ElasticFlow: An Elastic Serverless Training Platform for Distributed Deep Learning

Diandian Gu; Yihao Zhao; Yinmin Zhong; Yifan Xiong; Zhenhua Han; Peng Cheng; Fan Yang; Gang Huang; Xin Jin; Xuanzhe Liu

ElasticFlow: An Elastic Serverless Training Platform for Distributed Deep Learning

Diandian Gu ,
Yihao Zhao ,
Yinmin Zhong ,
Yifan Xiong ,
Zhenhua Han ,
Peng Cheng ,
Fan Yang ,
Gang Huang ,
Xin Jin ,
Xuanzhe Liu

ASPLOS 2023 | March 2023

Download BibTex

This paper proposes ElasticFlow, an elastic serverless training platform for distributed deep learning. ElasticFlow provides a serverless interface with two distinct features: (i) users specify only the DNN model and hyperparameters for a job, but not the number of GPUs; (ii) users specify the deadline for a job, but not the amount of time to occupy GPUs. In contrast to existing server-centric platforms, ElasticFlow provides performance guarantees in terms of meeting deadlines and alleviates users from tedious, low-level, and manual resource management.
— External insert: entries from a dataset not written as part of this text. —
(* Let $n,t,k$ be integers with $n\geq 2t\geq 4$ and $k\geq 2$. Then $A_k(n,0^t)\leq \beta_k(t)^n$, where $\beta_k(t)=k-(k-1)k^{-t-1}$.
   Context: Words are over $\Sigma_k=\{0,1,\ldots,k-1\}$, and $0^t$ is the word consisting of $t$ zeros. $A_k(m,v)$ denotes the number of words of length $m$ over $\Sigma_k$ that do not contain $v$ as a factor. *)

theory Defs
  imports Complex_Main
begin

definition is_factor :: "'a list \<Rightarrow> 'a list \<Rightarrow> bool" where
  "is_factor v w \<longleftrightarrow> (\<exists>x y. w = x @ v @ y)"

definition words :: "nat \<Rightarrow> nat \<Rightarrow> nat list set" where
  "words k m = {w. length w = m \<and> set w \<subseteq> {0..<k}}"

definition avoid_count :: "nat \<Rightarrow> nat \<Rightarrow> nat list \<Rightarrow> nat" where
  "avoid_count k m v = card {w \<in> words k m. \<not> is_factor v w}"

definition beta :: "nat \<Rightarrow> nat \<Rightarrow> real" where
  "beta k t = real k - (real k - 1) * (real k) powi (- int t - 1)"

end

theory Submission
  imports Defs "HOL-Library.Sublist"
begin

text \<open>
  Let \<open>a\<^sub>m\<close> be the number of words of length \<open>m\<close> avoiding \<open>0\<^sup>t\<close>. Extending a word of
  length \<open>m + t\<close> by one letter gives \<open>k a\<^sub>m\<^sub>+\<^sub>t\<close> words; among them, the words
  \<open>v c 0\<^sup>t\<close> with \<open>v\<close> avoiding \<open>0\<^sup>t\<close> and \<open>c \<noteq> 0\<close> all contain \<open>0\<^sup>t\<close>, so
  \<open>a\<^sub>m\<^sub>+\<^sub>t\<^sub>+\<^sub>1 \<le> k a\<^sub>m\<^sub>+\<^sub>t - (k - 1) a\<^sub>m\<close>. Together with \<open>a\<^sub>m\<^sub>+\<^sub>t \<le> k\<^sup>t a\<^sub>m\<close> this yields
  \<open>a\<^sub>m\<^sub>+\<^sub>1 \<le> \<gamma> a\<^sub>m\<close> for \<open>m \<ge> t\<close>, where \<open>\<gamma> = k - (k - 1) k\<^sup>-\<^sup>t\<close>, hence
  \<open>a\<^sub>n \<le> k\<^sup>t \<gamma>\<^sup>n\<^sup>-\<^sup>t = (k \<gamma>)\<^sup>t \<gamma>\<^sup>n\<^sup>-\<^sup>2\<^sup>t\<close>. Finally \<open>\<gamma> \<le> \<beta>\<close> and \<open>k \<gamma> \<le> \<beta>\<^sup>2\<close>.
\<close>

lemma is_factor_eq_sublist: "is_factor = sublist"
  by (intro ext) (simp add: is_factor_def sublist_def)

lemma sublist_append_Cons_iff:
  assumes "a \<notin> set zs"
  shows "sublist zs (xs @ a # ys) \<longleftrightarrow> sublist zs xs \<or> sublist zs ys"
proof
  assume "sublist zs (xs @ a # ys)"
  then consider "sublist zs xs" | "sublist zs (a # ys)"
    | zs1 zs2 where "zs = zs1 @ zs2" "suffix zs1 xs" "prefix zs2 (a # ys)"
    by (auto simp: sublist_append)
  then show "sublist zs xs \<or> sublist zs ys"
  proof cases
    case 2
    then show ?thesis using assms by (auto simp: sublist_Cons_right prefix_Cons)
  next
    case 3
    then show ?thesis using assms by (cases zs2) (auto simp: prefix_Cons)
  qed simp
next
  have "sublist xs (xs @ a # ys)" and "sublist ys (xs @ a # ys)"
    using sublist_append_leftI[of ys "xs @ [a]"] by simp_all
  moreover assume "sublist zs xs \<or> sublist zs ys"
  ultimately show "sublist zs (xs @ a # ys)"
    using sublist_order.order_trans by blast
qed

lemma words_eq_lists_length: "words k m = {xs. set xs \<subseteq> {0..<k} \<and> length xs = m}"
  by (auto simp: words_def)

lemma finite_words: "finite (words k m)"
  by (simp add: words_eq_lists_length finite_lists_length_eq)

lemma card_words: "card (words k m) = k ^ m"
  by (simp add: words_eq_lists_length card_lists_length_eq)

definition avoiding :: "nat \<Rightarrow> nat \<Rightarrow> nat list \<Rightarrow> nat list set" where
  "avoiding k m v = {w \<in> words k m. \<not> sublist v w}"

lemma avoid_count_eq_card_avoiding: "avoid_count k m v = card (avoiding k m v)"
  by (simp add: avoid_count_def avoiding_def is_factor_eq_sublist)

lemma finite_avoiding: "finite (avoiding k m v)"
  by (simp add: avoiding_def finite_words)

lemma card_avoiding_le: "card (avoiding k m v) \<le> k ^ m"
proof -
  have "card (avoiding k m v) \<le> card (words k m)"
    by (rule card_mono[OF finite_words]) (auto simp: avoiding_def)
  then show ?thesis by (simp add: card_words)
qed

lemma card_avoiding_add_le:
  "card (avoiding k (p + q) v) \<le> card (avoiding k p v) * card (avoiding k q v)"
proof -
  have "avoiding k (p + q) v \<subseteq> (\<lambda>(u, z). u @ z) ` (avoiding k p v \<times> avoiding k q v)"
  proof
    fix w assume w: "w \<in> avoiding k (p + q) v"
    have "\<not> sublist v (take p w)" "\<not> sublist v (drop p w)"
      using w sublist_order.order_trans[OF _ sublist_take, of v p w]
        sublist_order.order_trans[OF _ sublist_drop, of v p w]
      by (auto simp: avoiding_def)
    then have "take p w \<in> avoiding k p v" "drop p w \<in> avoiding k q v"
      using w by (auto simp: avoiding_def words_def dest: in_set_takeD in_set_dropD)
    then show "w \<in> (\<lambda>(u, z). u @ z) ` (avoiding k p v \<times> avoiding k q v)"
      by (intro image_eqI[of _ _ "(take p w, drop p w)"]) auto
  qed
  then have "card (avoiding k (p + q) v)
      \<le> card ((\<lambda>(u, z). u @ z) ` (avoiding k p v \<times> avoiding k q v))"
    by (intro card_mono finite_imageI finite_cartesian_product finite_avoiding)
  also have "\<dots> \<le> card (avoiding k p v \<times> avoiding k q v)"
    by (intro card_image_le finite_cartesian_product finite_avoiding)
  finally show ?thesis by (simp add: card_cartesian_product)
qed

lemma avoiding_Suc_subset:
  "avoiding k (Suc m) v \<subseteq> (\<lambda>(w, c). w @ [c]) ` (avoiding k m v \<times> {0..<k})"
proof
  fix w assume w: "w \<in> avoiding k (Suc m) v"
  then have "w \<noteq> []" by (auto simp: avoiding_def words_def)
  then have "last w \<in> set w" by simp
  then have "last w \<in> {0..<k}" "butlast w \<in> avoiding k m v"
    using w sublist_order.order_trans[OF _ sublist_butlast, of v w]
    by (auto simp: avoiding_def words_def dest: in_set_butlastD)
  with \<open>w \<noteq> []\<close> show "w \<in> (\<lambda>(w, c). w @ [c]) ` (avoiding k m v \<times> {0..<k})"
    by (intro image_eqI[of _ _ "(butlast w, last w)"]) auto
qed

lemma append_nonzero_zeros_in_avoiding:
  assumes "v \<in> avoiding k p (replicate t 0)" and "c \<in> {1..<k}" and "t \<ge> 1"
  shows "v @ c # replicate (t - 1) 0 \<in> avoiding k (p + t) (replicate t 0)"
proof -
  have "\<not> sublist (replicate t 0) (replicate (t - 1) (0::nat))"
    using sublist_length_le[of "replicate t 0" "replicate (t - 1) (0::nat)"] assms(3) by auto
  moreover have "\<not> sublist (replicate t 0) v" and "c \<notin> set (replicate t 0)"
    using assms(1,2) by (auto simp: avoiding_def)
  ultimately have "\<not> sublist (replicate t 0) (v @ c # replicate (t - 1) 0)"
    by (simp add: sublist_append_Cons_iff)
  moreover have "v @ c # replicate (t - 1) 0 \<in> words k (p + t)"
    using assms by (auto simp: avoiding_def words_def)
  ultimately show ?thesis by (simp add: avoiding_def)
qed

lemma card_avoiding_zeros_rec:
  assumes "t \<ge> 1"
  defines "Z \<equiv> replicate t (0::nat)"
  shows "card (avoiding k (p + t + 1) Z) + (k - 1) * card (avoiding k p Z)
    \<le> k * card (avoiding k (p + t) Z)"
proof -
  define C where "C = (\<lambda>(w, c). w @ [c]) ` (avoiding k (p + t) Z \<times> {0..<k})"
  define B where "B = (\<lambda>(v, c). v @ c # Z) ` (avoiding k p Z \<times> {1..<k})"
  have "finite C" by (simp add: C_def finite_avoiding)
  have card_C: "card C \<le> k * card (avoiding k (p + t) Z)"
    using card_image_le[of "avoiding k (p + t) Z \<times> {0..<k}" "\<lambda>(w, c). w @ [c]"]
    by (simp add: C_def finite_avoiding card_cartesian_product mult.commute)
  have card_B: "card B = (k - 1) * card (avoiding k p Z)"
  proof -
    have "inj_on (\<lambda>(v, c). v @ c # Z) (avoiding k p Z \<times> {1..<k})"
    proof (rule inj_onI, clarify)
      fix v c v' c'
      assume "v \<in> avoiding k p Z" "v' \<in> avoiding k p Z" and eq: "v @ c # Z = v' @ c' # Z"
      then have "length v = length v'" by (simp add: avoiding_def words_def)
      then show "v = v' \<and> c = c'" using eq by simp
    qed
    then show ?thesis by (simp add: B_def card_image card_cartesian_product)
  qed
  have "avoiding k (p + t + 1) Z \<subseteq> C"
    using avoiding_Suc_subset[of k "p + t" Z] by (simp add: C_def)
  moreover have "B \<subseteq> C"
  proof
    fix x assume "x \<in> B"
    then obtain v c where v: "v \<in> avoiding k p Z" and c: "c \<in> {1..<k}" and x: "x = v @ c # Z"
      by (auto simp: B_def)
    have "Z = replicate (t - 1) 0 @ [0]"
      using assms(1) by (cases t) (simp_all add: Z_def replicate_append_same)
    then have "x = (v @ c # replicate (t - 1) 0) @ [0]" by (simp add: x)
    moreover have "v @ c # replicate (t - 1) 0 \<in> avoiding k (p + t) Z"
      using append_nonzero_zeros_in_avoiding[OF v[unfolded Z_def] c assms(1)] by (simp add: Z_def)
    moreover have "(0::nat) \<in> {0..<k}" using c by simp
    ultimately show "x \<in> C"
      unfolding C_def by (intro image_eqI[of _ _ "(v @ c # replicate (t - 1) 0, 0)"]) auto
  qed
  moreover have "avoiding k (p + t + 1) Z \<inter> B = {}"
  proof -
    have "sublist Z (v @ c # Z)" for v c
      using sublist_append_leftI[of Z "v @ [c]"] by simp
    then show ?thesis unfolding avoiding_def B_def by fastforce
  qed
  ultimately have "card (avoiding k (p + t + 1) Z) + card B \<le> card C"
    using \<open>finite C\<close> card_Un_disjoint[of "avoiding k (p + t + 1) Z" B]
      card_mono[of C "avoiding k (p + t + 1) Z \<union> B"]
    by (simp add: finite_avoiding B_def)
  then show ?thesis using card_B card_C by linarith
qed

definition gamma :: "nat \<Rightarrow> nat \<Rightarrow> real" where
  "gamma k t = real k - (real k - 1) / real k ^ t"

lemma one_le_gamma:
  assumes "k \<ge> 1"
  shows "1 \<le> gamma k t"
proof -
  have "(real k - 1) / real k ^ t \<le> (real k - 1) / 1"
    using assms by (intro divide_left_mono) (auto simp: one_le_power)
  then show ?thesis by (simp add: gamma_def)
qed

lemma avoid_count_zeros_Suc_le:
  assumes "t \<ge> 1" and "k \<ge> 1"
  shows "real (avoid_count k (Suc (p + t)) (replicate t 0))
    \<le> gamma k t * real (avoid_count k (p + t) (replicate t 0))"
proof -
  define a where "a = (\<lambda>m. real (card (avoiding k m (replicate t 0))))"
  have rec: "a (Suc (p + t)) + (real k - 1) * a p \<le> real k * a (p + t)"
    using of_nat_mono[OF card_avoiding_zeros_rec[OF assms(1), of k p], where 'a = real] assms(2)
    by (simp add: a_def of_nat_diff)
  have "card (avoiding k (p + t) (replicate t 0)) \<le> card (avoiding k p (replicate t 0)) * k ^ t"
    using card_avoiding_add_le[of k p t] card_avoiding_le[of k t] mult_le_mono2 le_trans by blast
  then have "a (p + t) \<le> a p * real k ^ t"
    unfolding a_def by (metis of_nat_le_iff of_nat_mult of_nat_power)
  then have "a (p + t) / real k ^ t \<le> a p"
    using assms(2) by (simp add: pos_divide_le_eq)
  then have "(real k - 1) * (a (p + t) / real k ^ t) \<le> (real k - 1) * a p"
    using assms(2) by (intro mult_left_mono) auto
  moreover have "gamma k t * a (p + t) = real k * a (p + t) - (real k - 1) * (a (p + t) / real k ^ t)"
    by (simp add: gamma_def left_diff_distrib)
  ultimately show ?thesis
    using rec by (simp add: a_def avoid_count_eq_card_avoiding)
qed

lemma avoid_count_zeros_le:
  assumes "t \<ge> 1" and "k \<ge> 1"
  shows "real (avoid_count k (t + j) (replicate t 0)) \<le> gamma k t ^ j * real k ^ t"
proof (induction j)
  case 0
  show ?case
    using card_avoiding_le[of k t] by (simp add: avoid_count_eq_card_avoiding flip: of_nat_power)
next
  case (Suc j)
  have "real (avoid_count k (t + Suc j) (replicate t 0))
      \<le> gamma k t * real (avoid_count k (t + j) (replicate t 0))"
    using avoid_count_zeros_Suc_le[OF assms, of j] by (simp add: add.commute)
  also have "\<dots> \<le> gamma k t * (gamma k t ^ j * real k ^ t)"
    using Suc.IH one_le_gamma[OF assms(2), of t] by (intro mult_left_mono) auto
  finally show ?case by simp
qed

lemma beta_eq: "beta k t = real k - (real k - 1) / real k ^ Suc t"
proof -
  have "real k powi (- int t - 1) = inverse (real k ^ Suc t)"
    by (simp add: power_int_def nat_add_distrib power_inverse)
  then show ?thesis by (simp add: beta_def field_simps)
qed

lemma gamma_le_beta:
  assumes "k \<ge> 1"
  shows "gamma k t \<le> beta k t"
proof -
  have "(real k - 1) / real k ^ Suc t \<le> (real k - 1) / real k ^ t"
    using assms by (intro divide_left_mono) auto
  then show ?thesis by (simp add: gamma_def beta_eq)
qed

lemma mult_gamma_le_beta_sq:
  assumes "k \<ge> 1"
  shows "real k * gamma k t \<le> beta k t ^ 2"
proof -
  define e where "e = (real k - 1) / real k ^ t"
  have "beta k t ^ 2 - real k * gamma k t = (real k - 2) * e + (e / real k) ^ 2"
    using assms by (simp add: beta_eq gamma_def e_def power2_eq_square field_simps)
  moreover have "(real k - 2) * e \<ge> 0"
  proof (cases "k = 1")
    case False
    then show ?thesis using assms by (simp add: e_def)
  qed (simp add: e_def)
  ultimately show ?thesis using zero_le_power2[of "e / real k"] by linarith
qed

theorem lemma14:
  fixes n t k :: nat
  assumes "n \<ge> 2 * t" and "2 * t \<ge> 4" and "k \<ge> 2"
  shows "real (avoid_count k n (replicate t 0)) \<le> beta k t ^ n"
proof -
  have t: "t \<ge> 1" and k: "k \<ge> 1" using assms by auto
  obtain i where n: "n = 2 * t + i" using assms(1) le_Suc_ex by blast
  have "real (avoid_count k n (replicate t 0)) \<le> gamma k t ^ (t + i) * real k ^ t"
    using avoid_count_zeros_le[OF t k, of "t + i"] by (simp add: n mult_2 add.assoc)
  also have "\<dots> = (real k * gamma k t) ^ t * gamma k t ^ i"
    by (simp add: power_add power_mult_distrib)
  also have "\<dots> \<le> (beta k t ^ 2) ^ t * beta k t ^ i"
    using mult_gamma_le_beta_sq[OF k] gamma_le_beta[OF k] one_le_gamma[OF k, of t]
    by (intro mult_mono power_mono) auto
  also have "\<dots> = beta k t ^ (2 * t + i)"
    by (simp add: power_add power_mult)
  finally show ?thesis by (simp add: n)
qed

end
The characteristics of distributed training introduce two challenges. First, the training throughput scales non-linearly with the number of GPUs. Second, the scaling efficiency is affected by worker placement. To address these challenges, we propose Minimum Satisfactory Share to capture the resource usage of training jobs to meet deadlines, and ElasticFlow performs admission control based on it. We develop a greedy algorithm that dynamically allocates resources to admitted jobs based on diminishing returns. We apply buddy allocation to worker placement to eliminate the effect of topology. Evaluation results on a cluster of 128 GPUs show that ElasticFlow increases the number of jobs that can meet their deadlines by 1.45–7.65x compared to existing solutions.